[Opening Data for the task section]

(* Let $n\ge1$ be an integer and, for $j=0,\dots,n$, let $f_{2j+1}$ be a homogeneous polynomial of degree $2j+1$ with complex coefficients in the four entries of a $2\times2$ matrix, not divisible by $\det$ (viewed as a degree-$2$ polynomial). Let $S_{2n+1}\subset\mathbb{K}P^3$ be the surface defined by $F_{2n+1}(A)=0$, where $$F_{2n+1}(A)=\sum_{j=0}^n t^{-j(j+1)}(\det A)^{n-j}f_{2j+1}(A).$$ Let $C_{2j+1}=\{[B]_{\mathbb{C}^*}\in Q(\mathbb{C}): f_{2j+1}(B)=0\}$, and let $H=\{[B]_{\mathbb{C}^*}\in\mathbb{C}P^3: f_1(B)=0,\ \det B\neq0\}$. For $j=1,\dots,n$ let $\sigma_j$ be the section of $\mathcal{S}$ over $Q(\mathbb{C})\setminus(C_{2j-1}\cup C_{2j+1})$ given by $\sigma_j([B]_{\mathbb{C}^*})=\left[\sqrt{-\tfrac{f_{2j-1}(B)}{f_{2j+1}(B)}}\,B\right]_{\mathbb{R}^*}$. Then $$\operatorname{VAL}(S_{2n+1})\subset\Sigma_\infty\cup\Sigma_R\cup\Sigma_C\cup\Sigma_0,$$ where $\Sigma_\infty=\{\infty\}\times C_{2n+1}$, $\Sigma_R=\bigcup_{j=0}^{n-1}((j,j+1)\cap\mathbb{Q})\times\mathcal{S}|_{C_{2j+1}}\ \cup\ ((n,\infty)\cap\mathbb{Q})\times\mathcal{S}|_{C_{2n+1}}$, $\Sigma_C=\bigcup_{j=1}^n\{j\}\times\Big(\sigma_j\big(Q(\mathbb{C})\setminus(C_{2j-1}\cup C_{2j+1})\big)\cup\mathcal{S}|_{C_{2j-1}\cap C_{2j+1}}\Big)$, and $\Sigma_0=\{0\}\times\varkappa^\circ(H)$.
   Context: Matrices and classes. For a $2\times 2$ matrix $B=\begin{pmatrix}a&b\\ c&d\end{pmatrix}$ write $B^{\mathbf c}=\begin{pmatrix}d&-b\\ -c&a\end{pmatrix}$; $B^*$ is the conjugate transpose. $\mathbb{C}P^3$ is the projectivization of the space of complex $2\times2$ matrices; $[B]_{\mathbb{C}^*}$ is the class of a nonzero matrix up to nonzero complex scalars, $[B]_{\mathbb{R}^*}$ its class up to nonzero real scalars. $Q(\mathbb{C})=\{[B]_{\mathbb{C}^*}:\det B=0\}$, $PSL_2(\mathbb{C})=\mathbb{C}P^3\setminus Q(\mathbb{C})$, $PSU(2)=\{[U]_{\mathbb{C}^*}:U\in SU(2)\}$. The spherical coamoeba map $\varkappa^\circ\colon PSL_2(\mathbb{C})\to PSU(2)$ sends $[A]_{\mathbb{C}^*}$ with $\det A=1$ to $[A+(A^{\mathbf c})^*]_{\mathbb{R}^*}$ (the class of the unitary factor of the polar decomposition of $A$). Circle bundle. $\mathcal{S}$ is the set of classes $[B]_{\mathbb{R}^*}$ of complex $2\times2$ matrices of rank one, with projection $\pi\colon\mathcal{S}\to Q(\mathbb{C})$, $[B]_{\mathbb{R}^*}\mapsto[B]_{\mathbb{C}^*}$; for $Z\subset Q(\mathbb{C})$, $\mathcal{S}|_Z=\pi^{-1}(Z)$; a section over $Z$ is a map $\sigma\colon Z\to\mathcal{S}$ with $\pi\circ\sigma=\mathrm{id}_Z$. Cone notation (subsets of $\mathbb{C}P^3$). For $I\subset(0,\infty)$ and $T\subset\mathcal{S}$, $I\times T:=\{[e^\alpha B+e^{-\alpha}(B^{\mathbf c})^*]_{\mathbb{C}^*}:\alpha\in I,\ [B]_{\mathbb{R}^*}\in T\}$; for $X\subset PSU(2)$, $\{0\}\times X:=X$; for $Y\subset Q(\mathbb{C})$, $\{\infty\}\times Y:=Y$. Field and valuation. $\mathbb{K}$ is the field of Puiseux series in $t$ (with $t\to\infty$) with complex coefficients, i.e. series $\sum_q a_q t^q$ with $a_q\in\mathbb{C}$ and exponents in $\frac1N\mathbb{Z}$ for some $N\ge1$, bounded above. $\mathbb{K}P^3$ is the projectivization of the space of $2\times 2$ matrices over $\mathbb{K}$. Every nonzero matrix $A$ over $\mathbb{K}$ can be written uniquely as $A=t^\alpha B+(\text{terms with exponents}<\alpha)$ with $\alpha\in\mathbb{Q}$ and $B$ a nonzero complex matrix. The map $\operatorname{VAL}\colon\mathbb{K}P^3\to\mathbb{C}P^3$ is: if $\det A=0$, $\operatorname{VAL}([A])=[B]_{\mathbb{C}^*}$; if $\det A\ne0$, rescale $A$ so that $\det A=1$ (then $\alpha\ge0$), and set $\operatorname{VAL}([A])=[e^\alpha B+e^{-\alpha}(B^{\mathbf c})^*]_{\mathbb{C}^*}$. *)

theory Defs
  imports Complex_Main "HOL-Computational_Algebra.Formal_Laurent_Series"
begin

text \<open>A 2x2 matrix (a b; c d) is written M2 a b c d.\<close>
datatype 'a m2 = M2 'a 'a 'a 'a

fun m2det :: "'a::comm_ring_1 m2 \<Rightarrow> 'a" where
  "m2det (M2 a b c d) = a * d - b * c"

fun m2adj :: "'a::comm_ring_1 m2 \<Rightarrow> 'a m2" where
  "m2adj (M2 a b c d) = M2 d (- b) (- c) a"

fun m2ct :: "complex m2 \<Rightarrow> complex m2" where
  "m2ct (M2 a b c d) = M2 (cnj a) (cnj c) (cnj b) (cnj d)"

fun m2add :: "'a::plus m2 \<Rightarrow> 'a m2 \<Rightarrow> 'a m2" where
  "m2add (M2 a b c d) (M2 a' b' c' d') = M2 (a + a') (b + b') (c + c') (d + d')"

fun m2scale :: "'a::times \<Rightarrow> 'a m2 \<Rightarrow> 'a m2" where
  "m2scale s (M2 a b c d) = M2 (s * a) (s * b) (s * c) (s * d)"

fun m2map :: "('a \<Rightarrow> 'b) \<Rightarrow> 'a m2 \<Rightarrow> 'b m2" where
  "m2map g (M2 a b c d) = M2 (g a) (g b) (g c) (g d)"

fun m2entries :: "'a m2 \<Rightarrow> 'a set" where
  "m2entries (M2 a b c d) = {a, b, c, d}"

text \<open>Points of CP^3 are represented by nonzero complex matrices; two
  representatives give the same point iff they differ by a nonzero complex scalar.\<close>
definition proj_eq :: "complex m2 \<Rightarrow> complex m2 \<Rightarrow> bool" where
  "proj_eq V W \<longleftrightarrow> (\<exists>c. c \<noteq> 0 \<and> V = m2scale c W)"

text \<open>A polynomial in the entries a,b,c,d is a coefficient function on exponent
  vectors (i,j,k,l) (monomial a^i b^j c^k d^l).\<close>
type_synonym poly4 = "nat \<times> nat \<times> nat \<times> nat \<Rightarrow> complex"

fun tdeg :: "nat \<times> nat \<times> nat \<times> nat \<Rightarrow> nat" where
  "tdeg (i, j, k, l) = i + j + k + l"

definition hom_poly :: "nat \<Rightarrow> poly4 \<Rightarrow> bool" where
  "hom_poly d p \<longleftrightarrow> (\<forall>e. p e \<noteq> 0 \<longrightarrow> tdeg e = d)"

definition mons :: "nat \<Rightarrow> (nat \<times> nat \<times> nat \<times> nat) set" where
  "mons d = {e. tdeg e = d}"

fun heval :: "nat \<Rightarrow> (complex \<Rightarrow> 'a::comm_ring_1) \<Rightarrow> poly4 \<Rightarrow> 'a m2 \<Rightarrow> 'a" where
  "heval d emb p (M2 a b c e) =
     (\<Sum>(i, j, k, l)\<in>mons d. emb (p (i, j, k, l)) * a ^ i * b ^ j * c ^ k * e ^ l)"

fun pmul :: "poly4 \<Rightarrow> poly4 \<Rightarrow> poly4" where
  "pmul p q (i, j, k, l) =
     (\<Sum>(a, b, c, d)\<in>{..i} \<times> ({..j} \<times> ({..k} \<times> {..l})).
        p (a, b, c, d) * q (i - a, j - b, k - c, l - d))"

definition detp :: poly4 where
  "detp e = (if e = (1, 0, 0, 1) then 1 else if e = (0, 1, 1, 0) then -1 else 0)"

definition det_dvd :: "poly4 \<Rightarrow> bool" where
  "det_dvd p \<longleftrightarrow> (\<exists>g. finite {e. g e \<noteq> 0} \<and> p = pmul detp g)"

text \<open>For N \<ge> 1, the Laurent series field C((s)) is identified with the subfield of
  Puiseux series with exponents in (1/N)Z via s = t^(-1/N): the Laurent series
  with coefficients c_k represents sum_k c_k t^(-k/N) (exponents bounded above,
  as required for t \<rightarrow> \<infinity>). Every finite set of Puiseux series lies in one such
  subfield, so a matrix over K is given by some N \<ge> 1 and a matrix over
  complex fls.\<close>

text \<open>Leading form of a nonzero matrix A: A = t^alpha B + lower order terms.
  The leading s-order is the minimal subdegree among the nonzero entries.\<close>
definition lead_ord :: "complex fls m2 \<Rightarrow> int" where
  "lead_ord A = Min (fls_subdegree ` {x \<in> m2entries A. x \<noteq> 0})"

[Closing Data for the task section]
[Opening Data for the task section]

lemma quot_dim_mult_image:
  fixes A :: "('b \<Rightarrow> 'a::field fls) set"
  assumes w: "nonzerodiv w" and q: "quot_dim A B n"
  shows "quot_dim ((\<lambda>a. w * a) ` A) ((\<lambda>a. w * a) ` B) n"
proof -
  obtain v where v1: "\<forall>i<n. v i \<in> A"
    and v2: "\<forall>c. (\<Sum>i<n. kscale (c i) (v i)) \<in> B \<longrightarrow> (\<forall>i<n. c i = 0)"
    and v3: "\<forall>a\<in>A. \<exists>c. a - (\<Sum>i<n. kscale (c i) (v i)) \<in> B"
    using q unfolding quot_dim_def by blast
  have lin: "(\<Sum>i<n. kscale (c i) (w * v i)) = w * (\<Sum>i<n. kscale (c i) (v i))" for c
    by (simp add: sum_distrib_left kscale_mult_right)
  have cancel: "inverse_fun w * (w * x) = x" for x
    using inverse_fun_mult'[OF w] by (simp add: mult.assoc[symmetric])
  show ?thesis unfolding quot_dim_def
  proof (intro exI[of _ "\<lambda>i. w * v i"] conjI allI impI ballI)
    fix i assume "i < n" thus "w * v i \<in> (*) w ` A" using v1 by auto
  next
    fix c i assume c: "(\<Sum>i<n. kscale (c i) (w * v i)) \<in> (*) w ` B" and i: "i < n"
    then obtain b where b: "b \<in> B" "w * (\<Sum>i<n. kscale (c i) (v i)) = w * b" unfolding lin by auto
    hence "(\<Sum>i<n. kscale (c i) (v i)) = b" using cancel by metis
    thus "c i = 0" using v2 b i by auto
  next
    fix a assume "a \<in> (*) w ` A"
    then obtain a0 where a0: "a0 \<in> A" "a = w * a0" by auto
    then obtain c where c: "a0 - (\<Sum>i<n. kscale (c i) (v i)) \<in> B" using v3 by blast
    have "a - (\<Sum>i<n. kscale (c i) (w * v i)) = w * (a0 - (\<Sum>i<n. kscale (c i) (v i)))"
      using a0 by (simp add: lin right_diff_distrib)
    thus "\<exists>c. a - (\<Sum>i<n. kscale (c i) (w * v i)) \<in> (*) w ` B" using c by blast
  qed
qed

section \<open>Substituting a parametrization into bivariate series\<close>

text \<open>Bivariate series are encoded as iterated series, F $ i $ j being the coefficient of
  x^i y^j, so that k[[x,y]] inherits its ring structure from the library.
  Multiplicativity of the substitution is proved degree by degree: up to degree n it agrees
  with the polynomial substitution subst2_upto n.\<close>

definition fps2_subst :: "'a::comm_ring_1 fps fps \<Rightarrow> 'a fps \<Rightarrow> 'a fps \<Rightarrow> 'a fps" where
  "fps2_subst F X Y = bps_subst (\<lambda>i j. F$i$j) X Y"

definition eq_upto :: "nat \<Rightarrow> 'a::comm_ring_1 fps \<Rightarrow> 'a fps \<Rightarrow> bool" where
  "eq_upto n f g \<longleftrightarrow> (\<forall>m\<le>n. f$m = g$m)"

[Closing Data for the task section]

* Exercise prompt: In the data above, find the line with "definition detp :: poly4 where" and the line with "as required for". Retype both, plus every line between them, exactly.

* Solution for this exercise:
definition detp :: poly4 where
  "detp e = (if e = (1, 0, 0, 1) then 1 else if e = (0, 1, 1, 0) then -1 else 0)"

definition det_dvd :: "poly4 \<Rightarrow> bool" where
  "det_dvd p \<longleftrightarrow> (\<exists>g. finite {e. g e \<noteq> 0} \<and> p = pmul detp g)"

text \<open>For N \<ge> 1, the Laurent series field C((s)) is identified with the subfield of
  Puiseux series with exponents in (1/N)Z via s = t^(-1/N): the Laurent series
  with coefficients c_k represents sum_k c_k t^(-k/N) (exponents bounded above,
  as required for t \<rightarrow> \<infinity>). Every finite set of Puiseux series lies in one such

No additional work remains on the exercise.